§ Task brief:
The lines to be extracted run from the start of the listing through the line containing "using p \<open>b"; copy them exactly and nothing else.

§ Data extracts:
lemma prime_square_eq_mult_square:
  fixes p a b :: int
  assumes "prime p" and "a ^ 2 = p * b ^ 2"
  shows "b = 0"
proof (rule ccontr)
  assume "b \<noteq> 0"
  then have "a \<noteq> 0"
    using assms by auto
  have p: "prime_elem p"
    using \<open>prime p\<close> by (rule prime_imp_prime_elem)
  \<comment> \<open>The multiplicity of \<open>p\<close> is even on the left and odd on the right.\<close>
  have "2 * multiplicity p a = multiplicity p (a ^ 2)"
    using prime_elem_multiplicity_power_distrib[OF p \<open>a \<noteq> 0\<close>] by simp
  also have "\<dots> = multiplicity p (p * b ^ 2)"
    using assms(2) by simp
  also have "\<dots> = multiplicity p p + multiplicity p (b ^ 2)"
    using p \<open>b \<noteq> 0\<close> by (intro prime_elem_multiplicity_mult_distrib) auto
  also have "\<dots> = 1 + 2 * multiplicity p b"
    using multiplicity_prime[OF p] prime_elem_multiplicity_power_distrib[OF p \<open>b \<noteq> 0\<close>] by simp
  finally show False
    by presburger
qed

lemma of_int_add_tau_mult_eq_0_iff: "of_int p + tau * of_int q = 0 \<longleftrightarrow> p = 0 \<and> q = 0"
proof
  assume "of_int p + tau * of_int q = 0"
  then have "of_int q * sqrt 5 = - real_of_int (2 * p + q)"
    by (simp add: tau_def field_simps)
  then have "(of_int q * sqrt 5) ^ 2 = (real_of_int (2 * p + q)) ^ 2"
    by (metis power2_minus)
  then have "real_of_int ((2 * p + q) ^ 2) = real_of_int (5 * q ^ 2)"
    by (simp add: power_mult_distrib)
  then have "(2 * p + q) ^ 2 = 5 * q ^ 2"
    by (rule of_int_eq_iff[THEN iffD1])
  then have "q = 0"
    by (rule prime_square_eq_mult_square[rotated]) simp
  with \<open>of_int p + tau * of_int q = 0\<close> show "p = 0 \<and> q = 0"
    by simp
qed simp

definition lattice_point :: "real \<Rightarrow> complex \<Rightarrow> int \<Rightarrow> int \<Rightarrow> int \<Rightarrow> int \<Rightarrow> complex" where
  "lattice_point t w a b c d =
     complex_of_real (of_int a + t * of_int b) + complex_of_real (of_int c + t * of_int d) * w"

lemma lattice_point_add:
  "lattice_point t w a b c d + lattice_point t w a' b' c' d'
     = lattice_point t w (a + a') (b + b') (c + c') (d + d')"
  by (simp add: lattice_point_def algebra_simps)

lemma of_int_mult_lattice_point:
  "of_int k * lattice_point t w a b c d = lattice_point t w (k * a) (k * b) (k * c) (k * d)"
  by (simp add: lattice_point_def algebra_simps)

lemma lattice_point_one: "lattice_point t w 1 0 0 0 = 1"
  by (simp add: lattice_point_def)

lemma mult_lattice_point:
  assumes "t ^ 2 = t + 1" and "(complex_of_real t + w) * w = -1"
  shows "(complex_of_real t + w) * lattice_point t w a b c d = lattice_point t w (b - c) (a + b - d) a b"
proof -
  have "complex_of_real t ^ 2 = complex_of_real t + 1"
    by (metis assms(1) of_real_1 of_real_add of_real_power)
  with assms(2) show ?thesis
    unfolding lattice_point_def by simp algebra
qed

lemma lattice_point_tau_xi_inj:
  assumes "lattice_point tau (xi ^ 4) a b c d = lattice_point tau (xi ^ 4) a' b' c' d'"
  shows "a = a' \<and> b = b' \<and> c = c' \<and> d = d'"
proof -
  have "(of_int c + tau * of_int d) * Im (xi ^ 4) = (of_int c' + tau * of_int d') * Im (xi ^ 4)"
    using arg_cong[OF assms, of Im] by (simp add: lattice_point_def)
  then have "of_int c + tau * of_int d = of_int c' + tau * of_int d'"
    using Im_xi_pow_4_pos by simp
  then have "of_int (c - c') + tau * of_int (d - d') = 0"
    by (simp add: algebra_simps)
  then have cd: "c = c' \<and> d = d'"
    unfolding of_int_add_tau_mult_eq_0_iff by simp
  then have "of_int a + tau * of_int b = of_int a' + tau * of_int b'"
    using arg_cong[OF assms, of Re] by (simp add: lattice_point_def)
  then have "of_int (a - a') + tau * of_int (b - b') = 0"
    by (simp add: algebra_simps)
  with cd show ?thesis
    unfolding of_int_add_tau_mult_eq_0_iff by simp
qed

lemma star_lattice_point: "star (lattice_point tau (xi ^ 4) a b c d) = lattice_point tau' (xi ^ 8) a b c d"
  unfolding star_def lattice_point_def[symmetric]
  by (rule the_equality) (blast, metis lattice_point_tau_xi_inj)

definition star_graph :: "(complex \<times> complex) set" where
  "star_graph = {(lattice_point tau (xi ^ 4) a b c d, lattice_point tau' (xi ^ 8) a b c d) | a b c d. True}"

lemma star_graphD:
  assumes "(z, z') \<in> star_graph"
  shows "z \<in> M" and "star z = z'"
proof -
  obtain a b c d where z: "z = lattice_point tau (xi ^ 4) a b c d"
    and z': "z' = lattice_point tau' (xi ^ 8) a b c d"
    using assms unfolding star_graph_def by blast
  show "z \<in> M"
    unfolding z M_def lattice_point_def by blast
  show "star z = z'"
    unfolding z z' by (rule star_lattice_point)
qed

lemma star_graph_add:
  assumes "(z, z') \<in> star_graph" and "(u, u') \<in> star_graph"
  shows "(z + u, z' + u') \<in> star_graph"
  using assms unfolding star_graph_def by (clarsimp simp: lattice_point_add) blast

lemma star_graph_of_int_mult:
  assumes "(z, z') \<in> star_graph"
  shows "(of_int k * z, of_int k * z') \<in> star_graph"
  using assms unfolding star_graph_def by (clarsimp simp: of_int_mult_lattice_point) blast

lemma star_graph_sum:
  assumes "finite A" and "\<And>i. i \<in> A \<Longrightarrow> (f i, g i) \<in> star_graph"
  shows "(\<Sum>i\<in>A. f i, \<Sum>i\<in>A. g i) \<in> star_graph"
  using assms
proof (induction A rule: finite_induct)
  case empty
  have "(lattice_point tau (xi ^ 4) 0 0 0 0, lattice_point tau' (xi ^ 8) 0 0 0 0) \<in> star_graph"
    unfolding star_graph_def by blast
  then show ?case
    by (simp add: lattice_point_def)
next
  case (insert i A)
  then show ?case
    by (simp add: star_graph_add)
qed

lemma star_graph_xi_mult:
  assumes "(z, z') \<in> star_graph"
  shows "(xi * z, xi ^ 7 * z') \<in> star_graph"
proof -
  obtain a b c d where z: "z = lattice_point tau (xi ^ 4) a b c d"
    and z': "z' = lattice_point tau' (xi ^ 8) a b c d"
    using assms unfolding star_graph_def by blast
  have xi: "complex_of_real tau + xi ^ 4 = xi"
    using xi_minus_xi_pow_4 by (simp add: algebra_simps)
  have xi7: "complex_of_real tau' + xi ^ 8 = xi ^ 7"
    using xi_pow_7_minus_xi_pow_8 by (simp add: algebra_simps)
  have "xi * xi ^ 4 = xi ^ 5" and "xi ^ 7 * xi ^ 8 = (xi ^ 5) ^ 3"
    by algebra+
  then have w: "(complex_of_real tau + xi ^ 4) * xi ^ 4 = -1"
    and w': "(complex_of_real tau' + xi ^ 8) * xi ^ 8 = -1"
    unfolding xi xi7 by (simp_all add: xi_pow_5)
  have "xi * z = lattice_point tau (xi ^ 4) (b - c) (a + b - d) a b"
    using mult_lattice_point[OF tau_squared w] unfolding z xi .
  moreover have "xi ^ 7 * z' = lattice_point tau' (xi ^ 8) (b - c) (a + b - d) a b"
    using mult_lattice_point[OF tau'_squared w'] unfolding z' xi7 .
  ultimately show ?thesis
    unfolding star_graph_def by blast
qed

lemma star_graph_xi_power: "(xi ^ j, xi ^ (7 * j)) \<in> star_graph"
proof (induction j)
  case 0
  have "(lattice_point tau (xi ^ 4) 1 0 0 0, lattice_point tau' (xi ^ 8) 1 0 0 0) \<in> star_graph"
    unfolding star_graph_def by blast
  then show ?case
    by (simp add: lattice_point_one)
next
  case (Suc j)
  then show ?case
    using star_graph_xi_mult by (simp add: power_add)
qed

§ Solved problem:
lemma prime_square_eq_mult_square:
  fixes p a b :: int
  assumes "prime p" and "a ^ 2 = p * b ^ 2"
  shows "b = 0"
proof (rule ccontr)
  assume "b \<noteq> 0"
  then have "a \<noteq> 0"
    using assms by auto
  have p: "prime_elem p"
    using \<open>prime p\<close> by (rule prime_imp_prime_elem)
  \<comment> \<open>The multiplicity of \<open>p\<close> is even on the left and odd on the right.\<close>
  have "2 * multiplicity p a = multiplicity p (a ^ 2)"
    using prime_elem_multiplicity_power_distrib[OF p \<open>a \<noteq> 0\<close>] by simp
  also have "\<dots> = multiplicity p (p * b ^ 2)"
    using assms(2) by simp
  also have "\<dots> = multiplicity p p + multiplicity p (b ^ 2)"
    using p \<open>b \<noteq> 0\<close> by (intro prime_elem_multiplicity_mult_distrib) auto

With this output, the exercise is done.